The final thing that we should appreciate about the black hole image: that we can see it at all
The telescopes used in the Event Horizon effort were radio telescopes. That means they only “see” radio frequencies on the electromagnetic spectrum. It could have been the case that all the activity surrounding the black hole could have absorbed or blocked those radio waves from reaching us.
“The [material] around the black hole is transparent to radio waves, so we can see through all the hot gas trying to get through the event horizon,” Doeleman says. “Otherwise all we’d see would be some big blob.”
A lot of things had to go right for this image to come together.
There had to be some radiation emanating from the outskirts of the black hole, and it had to reach Earth without being knocked off course or occluded by a celestial object.

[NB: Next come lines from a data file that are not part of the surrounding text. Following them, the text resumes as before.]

lemma Hamilton_equations_if_gen_var_solution:
  assumes sG: "smooth_fun Gam" and sL: "smooth_fun L" and "t0 < t1" and s\<sigma>: "smooth_fun \<sigma>"
    and "gen_var_solution (Sigma_set Gam L) t0 t1 \<sigma>"
  shows "\<exists>u p. smooth_fun p \<and> (\<forall>t\<in>{t0..t1}. Hamilton_equations Gam L \<sigma> u p t)"
proof -
  obtain \<mu> where s\<mu>: "smooth_fun \<mu>" and mem: "\<forall>t\<in>{t0..t1}. \<mu> t \<in> Sigma_set Gam L"
    and base: "\<forall>t\<in>{t0..t1}. fst (\<mu> t) = (\<sigma> t, vector_derivative \<sigma> (at t))"
    and vanish: "\<forall>X. smooth_fun X \<and> X (t0, \<sigma> t0) = 0 \<and> X (t1, \<sigma> t1) = 0 \<longrightarrow>
      integral {t0..t1} (\<lambda>t. pairing (snd (\<mu> t)) (complete_lift X t (\<sigma> t, vector_derivative \<sigma> (at t)))) = 0"
    using assms(5) unfolding gen_var_solution_def by (elim exE conjE) (rule that; assumption)
  define M P where "M t = fst (snd (\<mu> t))" and "P t = snd (snd (\<mu> t))" for t
  have s_snd: "smooth_fun (\<lambda>t. snd (\<mu> t))"
    by (rule smooth_fun_bounded_linear[OF bounded_linear_snd s\<mu>])
  have sM: "smooth_fun M" and sP: "smooth_fun P"
    unfolding M_def[abs_def] P_def[abs_def]
    by (rule smooth_fun_bounded_linear[OF bounded_linear_fst s_snd]
        smooth_fun_bounded_linear[OF bounded_linear_snd s_snd])+
  have "\<forall>t\<in>{t0..t1}. \<exists>v. vector_derivative \<sigma> (at t) = Gam (\<sigma> t, v) \<and>
      (\<forall>w. M t \<bullet> fst w + P t \<bullet> frechet_derivative Gam (at (\<sigma> t, v)) w
             = frechet_derivative L (at (\<sigma> t, v)) w)"
  proof
    fix t assume "t \<in> {t0..t1}"
    obtain z m p' where z: "\<mu> t = ((fst z, Gam z), (m, p'))"
      "\<forall>w. m \<bullet> fst w + p' \<bullet> frechet_derivative Gam (at z) w = frechet_derivative L (at z) w"
      using mem \<open>t \<in> {t0..t1}\<close> unfolding mem_Sigma_set_iff[OF sG] by blast
    then have "z = (\<sigma> t, snd z)" "Gam z = vector_derivative \<sigma> (at t)"
      using base \<open>t \<in> {t0..t1}\<close> by (auto simp: prod_eq_iff)
    with z show "\<exists>v. vector_derivative \<sigma> (at t) = Gam (\<sigma> t, v) \<and>
      (\<forall>w. M t \<bullet> fst w + P t \<bullet> frechet_derivative Gam (at (\<sigma> t, v)) w
             = frechet_derivative L (at (\<sigma> t, v)) w)"
      unfolding M_def P_def by (intro exI[of _ "snd z"]) auto
  qed
  from bchoice[OF this] obtain u where u: "\<forall>t\<in>{t0..t1}. vector_derivative \<sigma> (at t) = Gam (\<sigma> t, u t) \<and>
      (\<forall>w. M t \<bullet> fst w + P t \<bullet> frechet_derivative Gam (at (\<sigma> t, u t)) w
             = frechet_derivative L (at (\<sigma> t, u t)) w)"
    by blast
  have "integral {t0..t1} (\<lambda>t. pairing (M t, P t)
      (complete_lift X t (\<sigma> t, vector_derivative \<sigma> (at t)))) = 0"
    if "smooth_fun X" "X (t0, \<sigma> t0) = 0" "X (t1, \<sigma> t1) = 0" for X
    using vanish that by (simp add: M_def P_def)
  then have "\<forall>t\<in>{t0..t1}. vector_derivative P (at t) = M t"
    by (rule vanishing_first_variation_imp_vector_derivative_eq[OF \<open>t0 < t1\<close> sM sP s\<sigma>])
  with u have "\<forall>t\<in>{t0..t1}. Hamilton_equations Gam L \<sigma> u P t"
    by (simp add: Hamilton_equations_iff_covector_condition[OF sG sL s\<sigma> sP])
  with sP show ?thesis
    by blast
qed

The Event Horizon team constructed a virtual telescope the size of the Earth to view that radiation (more on how that works here). It’s a coincidence that the right size of telescope to see this black hole is the size of the Earth. If astronomers needed a telescope larger than Earth, they’d be out of luck.
Then comes the human collaboration: Eight observatories all over the world had to sync up their clocks to an absurdly specific degree.
With more images like this, we can better understand the black holes that lie at the centers of galaxies. We can better understand how our theories of gravity work in the most extreme of conditions. And know, it’s possible another image of a black hole might be coming in the future. The Event Horizon team also tried to take a shot of the black hole at the center of our own galaxy, called Sagittarius A* (pronounced aloud it’s “Sagittarius A star”).
“There’s nothing wrong with that data [on the black hole at the center of our galaxy],” Doeleman says. They just decided to analyze the M87 data first, he says.
Black holes are some of the strangest things in our universe. They’re at the same time tiny and massive. And they push our understanding of the universe to its extreme. We should hope to see more of them.